## What the exercise asks
Could you set down exactly the lines in the records below between the line holding "using avg_span.zero cyc_mult_zero_left" and the line holding "then obtain a'", inclusive?

Top of Data for the task

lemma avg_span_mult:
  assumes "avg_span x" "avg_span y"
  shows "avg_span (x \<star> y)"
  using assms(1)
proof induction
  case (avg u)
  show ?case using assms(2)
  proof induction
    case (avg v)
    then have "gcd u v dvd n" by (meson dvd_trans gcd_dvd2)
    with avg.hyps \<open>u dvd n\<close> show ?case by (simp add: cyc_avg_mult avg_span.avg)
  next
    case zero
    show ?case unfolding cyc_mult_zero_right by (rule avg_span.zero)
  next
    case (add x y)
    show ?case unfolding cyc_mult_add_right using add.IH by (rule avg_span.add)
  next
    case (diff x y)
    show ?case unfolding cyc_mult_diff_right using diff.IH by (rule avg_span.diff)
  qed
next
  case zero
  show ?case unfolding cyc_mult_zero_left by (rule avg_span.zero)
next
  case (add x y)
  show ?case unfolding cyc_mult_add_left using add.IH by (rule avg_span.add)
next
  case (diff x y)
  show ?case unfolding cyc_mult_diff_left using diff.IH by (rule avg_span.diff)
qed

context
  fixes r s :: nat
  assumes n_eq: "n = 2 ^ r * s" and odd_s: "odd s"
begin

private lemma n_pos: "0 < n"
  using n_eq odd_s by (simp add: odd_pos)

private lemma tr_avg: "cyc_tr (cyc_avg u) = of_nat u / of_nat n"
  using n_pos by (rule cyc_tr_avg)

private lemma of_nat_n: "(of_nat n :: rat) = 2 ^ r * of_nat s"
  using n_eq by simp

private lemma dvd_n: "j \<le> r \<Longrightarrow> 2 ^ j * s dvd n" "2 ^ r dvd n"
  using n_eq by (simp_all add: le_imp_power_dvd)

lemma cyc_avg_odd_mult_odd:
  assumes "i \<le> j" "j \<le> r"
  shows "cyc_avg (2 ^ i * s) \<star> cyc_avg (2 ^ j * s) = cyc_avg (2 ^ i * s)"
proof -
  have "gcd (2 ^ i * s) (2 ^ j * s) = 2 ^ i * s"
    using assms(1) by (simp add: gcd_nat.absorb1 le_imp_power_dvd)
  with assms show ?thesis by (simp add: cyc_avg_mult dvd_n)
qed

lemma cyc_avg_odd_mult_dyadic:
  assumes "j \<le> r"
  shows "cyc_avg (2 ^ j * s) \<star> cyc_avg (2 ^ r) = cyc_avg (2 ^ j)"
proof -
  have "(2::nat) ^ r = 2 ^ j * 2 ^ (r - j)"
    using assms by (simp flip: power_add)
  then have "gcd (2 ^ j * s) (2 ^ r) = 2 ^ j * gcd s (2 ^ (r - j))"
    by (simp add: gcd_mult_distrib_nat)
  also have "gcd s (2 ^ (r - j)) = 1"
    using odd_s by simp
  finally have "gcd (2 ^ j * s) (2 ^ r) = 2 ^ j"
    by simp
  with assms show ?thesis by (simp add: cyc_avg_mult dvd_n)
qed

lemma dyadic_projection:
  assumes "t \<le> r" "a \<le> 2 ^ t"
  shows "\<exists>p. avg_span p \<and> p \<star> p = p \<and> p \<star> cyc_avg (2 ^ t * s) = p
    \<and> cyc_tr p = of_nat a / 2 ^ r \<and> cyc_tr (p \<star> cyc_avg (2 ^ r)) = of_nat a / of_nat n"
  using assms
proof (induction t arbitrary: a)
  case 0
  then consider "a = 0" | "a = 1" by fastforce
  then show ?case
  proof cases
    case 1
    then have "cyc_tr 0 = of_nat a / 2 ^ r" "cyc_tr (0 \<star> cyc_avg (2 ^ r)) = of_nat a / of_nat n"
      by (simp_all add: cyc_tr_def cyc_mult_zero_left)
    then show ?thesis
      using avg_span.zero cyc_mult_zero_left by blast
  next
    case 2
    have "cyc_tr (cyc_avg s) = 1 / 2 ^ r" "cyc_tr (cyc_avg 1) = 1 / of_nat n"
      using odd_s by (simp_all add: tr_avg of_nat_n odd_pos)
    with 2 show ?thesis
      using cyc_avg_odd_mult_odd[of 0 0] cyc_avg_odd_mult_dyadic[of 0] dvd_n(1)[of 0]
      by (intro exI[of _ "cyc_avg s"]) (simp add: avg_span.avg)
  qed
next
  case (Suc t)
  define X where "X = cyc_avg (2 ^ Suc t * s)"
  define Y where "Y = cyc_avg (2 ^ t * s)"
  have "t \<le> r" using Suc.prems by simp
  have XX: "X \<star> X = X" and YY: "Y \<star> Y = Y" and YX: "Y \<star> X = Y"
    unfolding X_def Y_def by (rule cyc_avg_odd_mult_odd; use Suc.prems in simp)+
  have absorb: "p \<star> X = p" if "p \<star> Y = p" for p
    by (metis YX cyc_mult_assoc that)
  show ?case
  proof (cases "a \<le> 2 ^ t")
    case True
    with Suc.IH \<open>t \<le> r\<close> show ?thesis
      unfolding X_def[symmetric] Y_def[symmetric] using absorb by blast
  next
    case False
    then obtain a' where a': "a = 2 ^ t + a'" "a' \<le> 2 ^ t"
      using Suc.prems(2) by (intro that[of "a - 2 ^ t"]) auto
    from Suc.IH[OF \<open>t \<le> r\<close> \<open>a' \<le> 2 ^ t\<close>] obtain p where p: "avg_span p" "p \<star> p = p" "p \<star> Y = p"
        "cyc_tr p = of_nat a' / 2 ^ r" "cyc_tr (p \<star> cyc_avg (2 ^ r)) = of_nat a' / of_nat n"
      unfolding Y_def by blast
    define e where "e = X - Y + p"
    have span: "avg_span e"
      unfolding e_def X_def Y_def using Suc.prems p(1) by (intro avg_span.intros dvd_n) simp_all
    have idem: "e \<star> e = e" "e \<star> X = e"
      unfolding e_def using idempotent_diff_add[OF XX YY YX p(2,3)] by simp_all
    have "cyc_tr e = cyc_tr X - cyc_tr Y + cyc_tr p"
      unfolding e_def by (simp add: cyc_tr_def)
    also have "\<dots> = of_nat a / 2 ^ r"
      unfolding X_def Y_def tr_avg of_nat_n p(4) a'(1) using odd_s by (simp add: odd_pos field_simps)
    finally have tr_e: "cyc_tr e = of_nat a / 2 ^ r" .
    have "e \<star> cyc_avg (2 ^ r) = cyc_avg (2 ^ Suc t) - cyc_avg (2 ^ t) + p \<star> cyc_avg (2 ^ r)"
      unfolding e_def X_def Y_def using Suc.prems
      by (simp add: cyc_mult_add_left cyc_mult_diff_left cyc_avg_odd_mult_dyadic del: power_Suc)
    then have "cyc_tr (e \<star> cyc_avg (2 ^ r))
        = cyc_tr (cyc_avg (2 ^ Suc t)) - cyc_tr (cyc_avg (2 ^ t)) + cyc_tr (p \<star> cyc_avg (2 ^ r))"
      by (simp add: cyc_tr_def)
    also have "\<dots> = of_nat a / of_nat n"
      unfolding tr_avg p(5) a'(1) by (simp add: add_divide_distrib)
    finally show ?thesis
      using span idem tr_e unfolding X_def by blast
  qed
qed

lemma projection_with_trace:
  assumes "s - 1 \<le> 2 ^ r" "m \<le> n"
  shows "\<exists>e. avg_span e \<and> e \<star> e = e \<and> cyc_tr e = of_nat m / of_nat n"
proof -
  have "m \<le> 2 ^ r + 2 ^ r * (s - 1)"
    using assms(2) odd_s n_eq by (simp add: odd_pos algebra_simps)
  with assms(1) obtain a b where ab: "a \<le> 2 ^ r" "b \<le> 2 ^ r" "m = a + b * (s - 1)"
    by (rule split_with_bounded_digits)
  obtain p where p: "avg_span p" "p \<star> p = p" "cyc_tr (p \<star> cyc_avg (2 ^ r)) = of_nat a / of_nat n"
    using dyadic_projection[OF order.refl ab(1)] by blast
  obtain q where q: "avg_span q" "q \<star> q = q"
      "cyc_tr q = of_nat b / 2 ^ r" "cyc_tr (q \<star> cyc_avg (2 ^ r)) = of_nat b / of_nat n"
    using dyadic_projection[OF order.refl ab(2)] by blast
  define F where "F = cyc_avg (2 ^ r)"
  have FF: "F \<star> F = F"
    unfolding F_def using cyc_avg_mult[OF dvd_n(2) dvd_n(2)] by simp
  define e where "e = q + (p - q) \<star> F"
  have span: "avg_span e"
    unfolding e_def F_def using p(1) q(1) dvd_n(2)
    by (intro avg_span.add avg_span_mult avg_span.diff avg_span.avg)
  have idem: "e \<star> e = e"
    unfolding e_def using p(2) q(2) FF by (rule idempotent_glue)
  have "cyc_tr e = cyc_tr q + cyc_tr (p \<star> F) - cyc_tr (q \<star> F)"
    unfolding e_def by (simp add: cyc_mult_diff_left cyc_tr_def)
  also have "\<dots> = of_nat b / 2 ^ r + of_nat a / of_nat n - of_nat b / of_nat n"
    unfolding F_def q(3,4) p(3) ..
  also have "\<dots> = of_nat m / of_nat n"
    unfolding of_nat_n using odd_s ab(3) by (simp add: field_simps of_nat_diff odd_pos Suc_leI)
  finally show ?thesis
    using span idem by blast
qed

Bottom of Data for the task

## Problem solution
      using avg_span.zero cyc_mult_zero_left by blast
  next
    case 2
    have "cyc_tr (cyc_avg s) = 1 / 2 ^ r" "cyc_tr (cyc_avg 1) = 1 / of_nat n"
      using odd_s by (simp_all add: tr_avg of_nat_n odd_pos)
    with 2 show ?thesis
      using cyc_avg_odd_mult_odd[of 0 0] cyc_avg_odd_mult_dyadic[of 0] dvd_n(1)[of 0]
      by (intro exI[of _ "cyc_avg s"]) (simp add: avg_span.avg)
  qed
next
  case (Suc t)
  define X where "X = cyc_avg (2 ^ Suc t * s)"
  define Y where "Y = cyc_avg (2 ^ t * s)"
  have "t \<le> r" using Suc.prems by simp
  have XX: "X \<star> X = X" and YY: "Y \<star> Y = Y" and YX: "Y \<star> X = Y"
    unfolding X_def Y_def by (rule cyc_avg_odd_mult_odd; use Suc.prems in simp)+
  have absorb: "p \<star> X = p" if "p \<star> Y = p" for p
    by (metis YX cyc_mult_assoc that)
  show ?case
  proof (cases "a \<le> 2 ^ t")
    case True
    with Suc.IH \<open>t \<le> r\<close> show ?thesis
      unfolding X_def[symmetric] Y_def[symmetric] using absorb by blast
  next
    case False
    then obtain a' where a': "a = 2 ^ t + a'" "a' \<le> 2 ^ t"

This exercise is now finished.